Github Link: https://github.com/kkemwal1998/LeetSQL

Objective:

The following repository contains SQL solutions to the top 10 LeetCode questions, optimized for efficient space and time complexity.

1) Game Play Analysis-IV

Table: Activity

+--------------+---------+
| Column Name | Type |
+--------------+---------+
| player_id | int |
| device_id | int |
| event_date | date |
| games_played | int |
+--------------+---------+
(player_id, event_date) is the primary key (combination of columns with unique values) of this table.
This table shows the activity of players of some games.
Each row is a record of a player who logged in and played a number of games (possibly 0) before logging out on someday using some device.


Write a solution to report the fraction of players that logged in again on the day after the day they first logged in, rounded to 2 decimal places. In other words, you need to count the number of players that logged in for at least two consecutive days starting from their first login date, then divide that number by the total number of players.
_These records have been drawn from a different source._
definition walk_ok :: "real \<Rightarrow> real \<Rightarrow> point \<Rightarrow> bool" where
  "walk_ok xmin ymax p \<longleftrightarrow> xmin \<le> fst p \<and> snd p < ymax"

text \<open>Upward linear search in one column (0-based row index i; the paper's
  condition i \<ge> 2 becomes i > 0). Returns the final row together with the
  number of loop iterations executed (each iteration inspects O(1) entries).\<close>
fun walk :: "(nat \<Rightarrow> point) \<Rightarrow> real \<Rightarrow> real \<Rightarrow> nat \<Rightarrow> nat \<times> nat" where
  "walk col xmin ymax i =
     (if 0 < i \<and> walk_ok xmin ymax (col i) \<and> walk_ok xmin ymax (col (i - 1))
      then (let (i', c) = walk col xmin ymax (i - 1) in (i', Suc c))
      else (i, 1))"

text \<open>Sweep state: (candidate, current row, accumulated step count).
  Processing column j: walk up, then possibly update the candidate
  (one more unit of work).\<close>
definition sweep_col ::
  "point list \<Rightarrow> point list \<Rightarrow> real \<Rightarrow> real \<Rightarrow> real \<Rightarrow> real \<Rightarrow> nat
   \<Rightarrow> point option \<times> nat \<times> nat \<Rightarrow> point option \<times> nat \<times> nat" where
  "sweep_col A B xmin xmax ymin ymax j st =
     (case st of (cand, i, t) \<Rightarrow>
        (case walk (\<lambda>r. mink A B r j) xmin ymax i of (i', c) \<Rightarrow>
           (let p = mink A B i' j;
                cand' = (if in_range xmin xmax ymin ymax p \<and>
                            (case cand of None \<Rightarrow> True | Some q \<Rightarrow> p < q)
                         then Some p else cand)
            in (cand', i', t + c + 1))))"

text \<open>The full sweep: start with no candidate at the last row (n-1, i.e. row n
  of the paper), process columns 0..n-1 in order.\<close>
definition sweep_state ::
  "nat \<Rightarrow> point list \<Rightarrow> point list \<Rightarrow> real \<Rightarrow> real \<Rightarrow> real \<Rightarrow> real
   \<Rightarrow> point option \<times> nat \<times> nat" where
  "sweep_state n A B xmin xmax ymin ymax =
     fold (sweep_col A B xmin xmax ymin ymax) [0..<n] (None, n - 1, 0)"

definition sweep ::
  "nat \<Rightarrow> point list \<Rightarrow> point list \<Rightarrow> real \<Rightarrow> real \<Rightarrow> real \<Rightarrow> real \<Rightarrow> point option" where
  "sweep n A B xmin xmax ymin ymax = fst (sweep_state n A B xmin xmax ymin ymax)"

definition sweep_time ::
  "nat \<Rightarrow> point list \<Rightarrow> point list \<Rightarrow> real \<Rightarrow> real \<Rightarrow> real \<Rightarrow> real \<Rightarrow> nat" where
  "sweep_time n A B xmin xmax ymin ymax = snd (snd (sweep_state n A B xmin xmax ymin ymax))"

definition entries_in_range ::
  "nat \<Rightarrow> point list \<Rightarrow> point list \<Rightarrow> real \<Rightarrow> real \<Rightarrow> real \<Rightarrow> real \<Rightarrow> point set" where
  "entries_in_range n A B xmin xmax ymin ymax =
     {p. \<exists>i<n. \<exists>j<n. p = mink A B i j \<and> in_range xmin xmax ymin ymax p}"

end

theory Submission
  imports Defs
begin

text \<open>Going down a column of the Minkowski matrix, x strictly increases and y decreases,
  and the same holds going right along a row. Hence the entries with x \<ge> xmin and y < ymax
  form a final segment of rows in every column, and this segment only grows from one column
  to the next. Every entry of R lies in that segment, and if a column meets R at all then
  the first row of the segment does too: it has the smallest x of the segment, so x < xmax,
  and the largest y, so y \<ge> ymin. It is therefore the lexicographic minimum of the column
  within R. The row pointer of the sweep always lies in the segment of every later column
  meeting R, and whenever it lies in the segment of the current column the walk moves it to
  the first row of that segment. The pointer only moves up, so there are at most n - 1 upward
  steps in total: after j columns the step count t and the row i satisfy t + i = n - 1 + 2j.\<close>

definition min_opt :: "'a::linorder set \<Rightarrow> 'a option" where
  "min_opt X = (if X = {} then None else Some (Min X))"

lemma min_opt_Un_update:
  fixes X Y :: "'a::linorder set"
  assumes "finite X" "finite Y" "b \<longleftrightarrow> Y \<noteq> {}" "Y \<noteq> {} \<Longrightarrow> p = Min Y"
  shows "(if b \<and> (case min_opt X of None \<Rightarrow> True | Some q \<Rightarrow> p < q) then Some p else min_opt X)
           = min_opt (X \<union> Y)"
proof (cases "X = {} \<or> Y = {}")
  case True
  with assms show ?thesis
    by (auto simp: min_opt_def)
next
  case False
  then have "Min (X \<union> Y) = min (Min X) p"
    using assms Min_Un[OF assms(1) _ assms(2)] by simp
  with False assms(3) show ?thesis
    by (auto simp: min_opt_def min_def)
qed

lemma sorted_pareto_nth_less:
  assumes "sorted_pareto n A" "i < i'" "i' < n"
  shows "fst (A ! i) < fst (A ! i') \<and> snd (A ! i') < snd (A ! i)"
proof -
  have lt: "A ! i < A ! i'" and "A ! i \<in> set A" "A ! i' \<in> set A"
    using assms by (auto simp: sorted_pareto_def sorted_wrt_iff_nth_less)
  then have "\<not> dominates (A ! i) (A ! i')"
    using assms(1) by (auto simp: sorted_pareto_def pareto_def)
  with lt show ?thesis
    by (auto simp: dominates_def less_prod_def)
qed

lemma sorted_pareto_nth_le:
  assumes "sorted_pareto n A" "i \<le> i'" "i' < n"
  shows "fst (A ! i) \<le> fst (A ! i') \<and> snd (A ! i') \<le> snd (A ! i)"
  using assms sorted_pareto_nth_less[OF assms(1), of i i'] by (cases "i = i'") auto

lemma walk_ok_if_in_range: "in_range xmin xmax ymin ymax p \<Longrightarrow> walk_ok xmin ymax p"
  by (simp add: in_range_def walk_ok_def)

declare walk.simps [simp del]

lemma walk_stop:
  assumes "\<not> (0 < i \<and> walk_ok xmin ymax (col i) \<and> walk_ok xmin ymax (col (i - 1)))"
  shows "walk col xmin ymax i = (i, 1)"
  by (simp only: walk.simps[of col xmin ymax i] if_not_P[OF assms])

lemma walk_step:
  assumes "0 < i \<and> walk_ok xmin ymax (col i) \<and> walk_ok xmin ymax (col (i - 1))"
  shows "walk col xmin ymax i = (fst (walk col xmin ymax (i - 1)), Suc (snd (walk col xmin ymax (i - 1))))"
  by (simp only: walk.simps[of col xmin ymax i] if_P[OF assms]) (simp add: case_prod_beta)

lemma walk_cost:
  "fst (walk col xmin ymax i) \<le> i \<and> snd (walk col xmin ymax i) = i - fst (walk col xmin ymax i) + 1"
proof (induction col xmin ymax i rule: walk.induct)
  case (1 col xmin ymax i)
  show ?case
  proof (cases "0 < i \<and> walk_ok xmin ymax (col i) \<and> walk_ok xmin ymax (col (i - 1))")
    case True
    with "1.IH" show ?thesis
      unfolding walk_step[OF True] by auto
  qed (simp add: walk_stop)
qed

lemma walk_Least:
  assumes "\<And>r r'. r \<le> r' \<Longrightarrow> r' \<le> i \<Longrightarrow> walk_ok xmin ymax (col r) \<Longrightarrow> walk_ok xmin ymax (col r')"
    and "walk_ok xmin ymax (col i)"
  shows "fst (walk col xmin ymax i) = (LEAST r. walk_ok xmin ymax (col r))"
  using assms
proof (induction col xmin ymax i rule: walk.induct)
  case (1 col xmin ymax i)
  show ?case
  proof (cases "0 < i \<and> walk_ok xmin ymax (col (i - 1))")
    case True
    with "1.prems"(2) have step: "0 < i \<and> walk_ok xmin ymax (col i) \<and> walk_ok xmin ymax (col (i - 1))"
      by simp
    have "fst (walk col xmin ymax (i - 1)) = (LEAST r. walk_ok xmin ymax (col r))"
      using "1.prems"(1) step by (intro "1.IH"[OF step]) auto
    then show ?thesis
      by (simp add: walk_step[OF step])
  next
    case False
    have "i \<le> r" if "walk_ok xmin ymax (col r)" for r
    proof (rule ccontr)
      assume "\<not> i \<le> r"
      then have "walk_ok xmin ymax (col (i - 1))"
        using "1.prems"(1)[of r "i - 1"] that by simp
      with False \<open>\<not> i \<le> r\<close> show False
        by simp
    qed
    with False "1.prems"(2) show ?thesis
      by (simp add: walk_stop Least_equality)
  qed
qed

locale pareto_sweep =
  fixes n :: nat and A B :: "point list" and xmin xmax ymin ymax :: real
  assumes n_pos: "1 \<le> n"
    and pareto_A: "sorted_pareto n A"
    and pareto_B: "sorted_pareto n B"
begin

abbreviation ok :: "nat \<Rightarrow> nat \<Rightarrow> bool" where
  "ok j i \<equiv> walk_ok xmin ymax (mink A B i j)"

abbreviation R :: "point \<Rightarrow> bool" where
  "R \<equiv> in_range xmin xmax ymin ymax"

definition col_entries :: "nat \<Rightarrow> point set" where
  "col_entries j = {p. \<exists>i<n. p = mink A B i j \<and> R p}"

definition entries_before :: "nat \<Rightarrow> point set" where
  "entries_before j = (\<Union>j'<j. col_entries j')"

definition first_ok_row :: "nat \<Rightarrow> nat" where
  "first_ok_row j = (LEAST i. ok j i)"

lemma finite_col_entries: "finite (col_entries j)"
  by (rule finite_subset[of _ "(\<lambda>i. mink A B i j) ` {..<n}"]) (auto simp: col_entries_def)

lemma finite_entries_before: "finite (entries_before j)"
  by (simp add: entries_before_def finite_col_entries)

lemma entries_before_Suc: "entries_before (Suc j) = entries_before j \<union> col_entries j"
  by (auto simp: entries_before_def lessThan_Suc)

lemma entries_before_n: "entries_before n = entries_in_range n A B xmin xmax ymin ymax"
  by (auto simp: entries_before_def col_entries_def entries_in_range_def)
The result format is in the following example.

Query:
select ROUND(count(distinct A2.player_id)/count(distinct A1.player_id)::numeric,2) as fraction from
Activity as A1
Left JOIN
(select player_id
from
(select player_id,max(event_date) as F,min(event_date) as P
from
Activity
group by player_id)
where
Extract(day from F)-Extract(day from P)=1
and
Extract(month from F)-Extract(month from P)=0) as A2
ON
A1.player_id = A2.player_id
;


2) Managers with at least 5 direct reports:-

Table: Employee

+-------------+---------+
| Column Name | Type |
+-------------+---------+
| id | int |
| name | varchar |
| department | varchar |
| managerId | int |
+-------------+---------+
id is the primary key (column with unique values) for this table.
Each row of this table indicates the name of an employee, their department, and the id of their manager.
If managerId is null, then the employee does not have a manager.
No employee will be the manager of themself.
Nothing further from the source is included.